### TASK PROMPT:
Two lines mark the range in the entries below: the one holding "k = theta3_k n E k" and the one holding "using assms(5) by linarith+". Set down those two and all lines between them, exactly.

[Stored data]
* * *

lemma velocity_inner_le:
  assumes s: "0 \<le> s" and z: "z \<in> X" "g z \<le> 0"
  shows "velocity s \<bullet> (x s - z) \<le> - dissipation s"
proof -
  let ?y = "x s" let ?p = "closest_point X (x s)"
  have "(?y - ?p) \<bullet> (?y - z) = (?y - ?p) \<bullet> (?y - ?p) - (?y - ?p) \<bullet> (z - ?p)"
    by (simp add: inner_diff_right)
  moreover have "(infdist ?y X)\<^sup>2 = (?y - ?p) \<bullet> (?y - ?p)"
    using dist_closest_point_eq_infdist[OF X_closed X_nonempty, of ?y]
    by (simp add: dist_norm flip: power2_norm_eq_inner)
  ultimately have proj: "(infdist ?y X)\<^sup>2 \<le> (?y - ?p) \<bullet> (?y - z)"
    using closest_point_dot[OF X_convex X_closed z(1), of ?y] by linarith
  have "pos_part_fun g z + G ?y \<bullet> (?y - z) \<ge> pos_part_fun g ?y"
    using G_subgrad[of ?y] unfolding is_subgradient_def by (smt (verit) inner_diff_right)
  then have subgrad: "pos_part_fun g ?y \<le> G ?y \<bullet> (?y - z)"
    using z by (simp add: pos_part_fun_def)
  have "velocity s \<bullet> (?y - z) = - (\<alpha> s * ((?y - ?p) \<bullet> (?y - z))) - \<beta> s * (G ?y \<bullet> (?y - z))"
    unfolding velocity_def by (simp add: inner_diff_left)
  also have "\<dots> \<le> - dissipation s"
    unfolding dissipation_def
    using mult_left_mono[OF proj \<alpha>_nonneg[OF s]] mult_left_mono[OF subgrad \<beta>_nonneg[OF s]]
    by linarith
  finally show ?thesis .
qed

* * *

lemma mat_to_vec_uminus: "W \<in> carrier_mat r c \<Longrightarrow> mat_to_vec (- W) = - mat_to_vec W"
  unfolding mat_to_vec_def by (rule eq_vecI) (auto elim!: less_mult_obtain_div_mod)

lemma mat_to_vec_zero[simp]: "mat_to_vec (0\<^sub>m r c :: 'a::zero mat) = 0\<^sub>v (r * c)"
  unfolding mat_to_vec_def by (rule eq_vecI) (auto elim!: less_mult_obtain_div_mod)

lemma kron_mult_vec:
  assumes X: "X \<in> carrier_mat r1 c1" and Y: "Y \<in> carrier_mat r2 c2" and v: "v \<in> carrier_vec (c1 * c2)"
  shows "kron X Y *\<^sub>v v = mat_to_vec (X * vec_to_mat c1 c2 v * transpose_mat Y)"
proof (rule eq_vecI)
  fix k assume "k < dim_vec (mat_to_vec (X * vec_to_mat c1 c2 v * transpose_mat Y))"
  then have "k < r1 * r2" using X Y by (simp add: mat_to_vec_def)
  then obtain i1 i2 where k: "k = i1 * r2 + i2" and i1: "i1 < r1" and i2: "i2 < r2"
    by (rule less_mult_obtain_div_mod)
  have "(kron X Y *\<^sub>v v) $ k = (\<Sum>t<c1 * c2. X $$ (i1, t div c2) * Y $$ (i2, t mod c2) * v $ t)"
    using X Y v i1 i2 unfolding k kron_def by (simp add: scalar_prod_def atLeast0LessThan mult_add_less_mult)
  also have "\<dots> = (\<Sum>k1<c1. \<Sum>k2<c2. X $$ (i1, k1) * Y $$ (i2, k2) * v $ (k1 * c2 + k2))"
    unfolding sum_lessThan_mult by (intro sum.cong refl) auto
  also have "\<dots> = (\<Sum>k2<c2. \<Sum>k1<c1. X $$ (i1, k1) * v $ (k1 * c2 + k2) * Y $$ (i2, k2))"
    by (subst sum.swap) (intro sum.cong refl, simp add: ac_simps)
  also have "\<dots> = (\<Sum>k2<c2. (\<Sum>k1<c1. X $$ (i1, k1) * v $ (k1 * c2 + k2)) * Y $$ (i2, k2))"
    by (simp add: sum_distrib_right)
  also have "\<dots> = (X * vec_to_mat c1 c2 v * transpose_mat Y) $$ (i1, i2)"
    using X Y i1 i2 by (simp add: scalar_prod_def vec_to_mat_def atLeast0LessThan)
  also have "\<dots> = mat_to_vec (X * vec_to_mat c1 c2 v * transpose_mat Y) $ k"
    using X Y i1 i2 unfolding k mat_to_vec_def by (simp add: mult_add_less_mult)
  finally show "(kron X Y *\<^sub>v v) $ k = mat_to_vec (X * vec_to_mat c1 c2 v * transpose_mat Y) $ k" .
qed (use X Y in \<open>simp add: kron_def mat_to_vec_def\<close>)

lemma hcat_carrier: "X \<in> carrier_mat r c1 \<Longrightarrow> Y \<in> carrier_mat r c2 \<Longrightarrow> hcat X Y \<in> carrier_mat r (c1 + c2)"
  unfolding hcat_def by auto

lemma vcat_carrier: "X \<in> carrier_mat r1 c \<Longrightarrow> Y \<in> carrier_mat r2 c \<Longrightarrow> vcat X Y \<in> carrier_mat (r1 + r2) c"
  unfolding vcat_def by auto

* * *

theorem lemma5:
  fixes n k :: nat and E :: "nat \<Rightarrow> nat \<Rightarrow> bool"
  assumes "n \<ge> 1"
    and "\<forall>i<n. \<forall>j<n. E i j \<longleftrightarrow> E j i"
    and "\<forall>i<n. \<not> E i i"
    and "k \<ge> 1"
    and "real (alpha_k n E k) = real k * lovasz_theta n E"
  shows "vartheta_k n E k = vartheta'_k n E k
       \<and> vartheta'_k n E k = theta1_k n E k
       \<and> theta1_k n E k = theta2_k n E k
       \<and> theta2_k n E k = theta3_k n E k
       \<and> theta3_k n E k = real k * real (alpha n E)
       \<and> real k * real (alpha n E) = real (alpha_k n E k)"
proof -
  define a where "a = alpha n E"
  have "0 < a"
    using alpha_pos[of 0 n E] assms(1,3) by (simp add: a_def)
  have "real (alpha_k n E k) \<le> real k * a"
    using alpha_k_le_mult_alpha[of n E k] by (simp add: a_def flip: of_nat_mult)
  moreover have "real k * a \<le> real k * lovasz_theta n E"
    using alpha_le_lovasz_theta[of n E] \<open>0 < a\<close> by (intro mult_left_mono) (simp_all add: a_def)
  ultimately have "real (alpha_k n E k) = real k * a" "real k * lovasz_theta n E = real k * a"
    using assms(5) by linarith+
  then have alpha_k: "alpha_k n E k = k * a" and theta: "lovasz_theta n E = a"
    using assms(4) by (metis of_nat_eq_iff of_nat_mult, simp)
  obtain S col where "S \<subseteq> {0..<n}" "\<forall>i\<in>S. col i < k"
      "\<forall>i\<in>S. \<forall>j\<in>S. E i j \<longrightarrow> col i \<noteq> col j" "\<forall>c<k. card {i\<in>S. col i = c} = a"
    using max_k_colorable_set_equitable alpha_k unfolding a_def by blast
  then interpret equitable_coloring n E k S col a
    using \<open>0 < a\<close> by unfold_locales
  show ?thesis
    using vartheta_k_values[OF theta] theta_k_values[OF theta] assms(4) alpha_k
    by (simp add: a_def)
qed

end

* * *

### ANSWER FOR THE TASK:
       \<and> theta2_k n E k = theta3_k n E k
       \<and> theta3_k n E k = real k * real (alpha n E)
       \<and> real k * real (alpha n E) = real (alpha_k n E k)"
proof -
  define a where "a = alpha n E"
  have "0 < a"
    using alpha_pos[of 0 n E] assms(1,3) by (simp add: a_def)
  have "real (alpha_k n E k) \<le> real k * a"
    using alpha_k_le_mult_alpha[of n E k] by (simp add: a_def flip: of_nat_mult)
  moreover have "real k * a \<le> real k * lovasz_theta n E"
    using alpha_le_lovasz_theta[of n E] \<open>0 < a\<close> by (intro mult_left_mono) (simp_all add: a_def)
  ultimately have "real (alpha_k n E k) = real k * a" "real k * lovasz_theta n E = real k * a"
    using assms(5) by linarith+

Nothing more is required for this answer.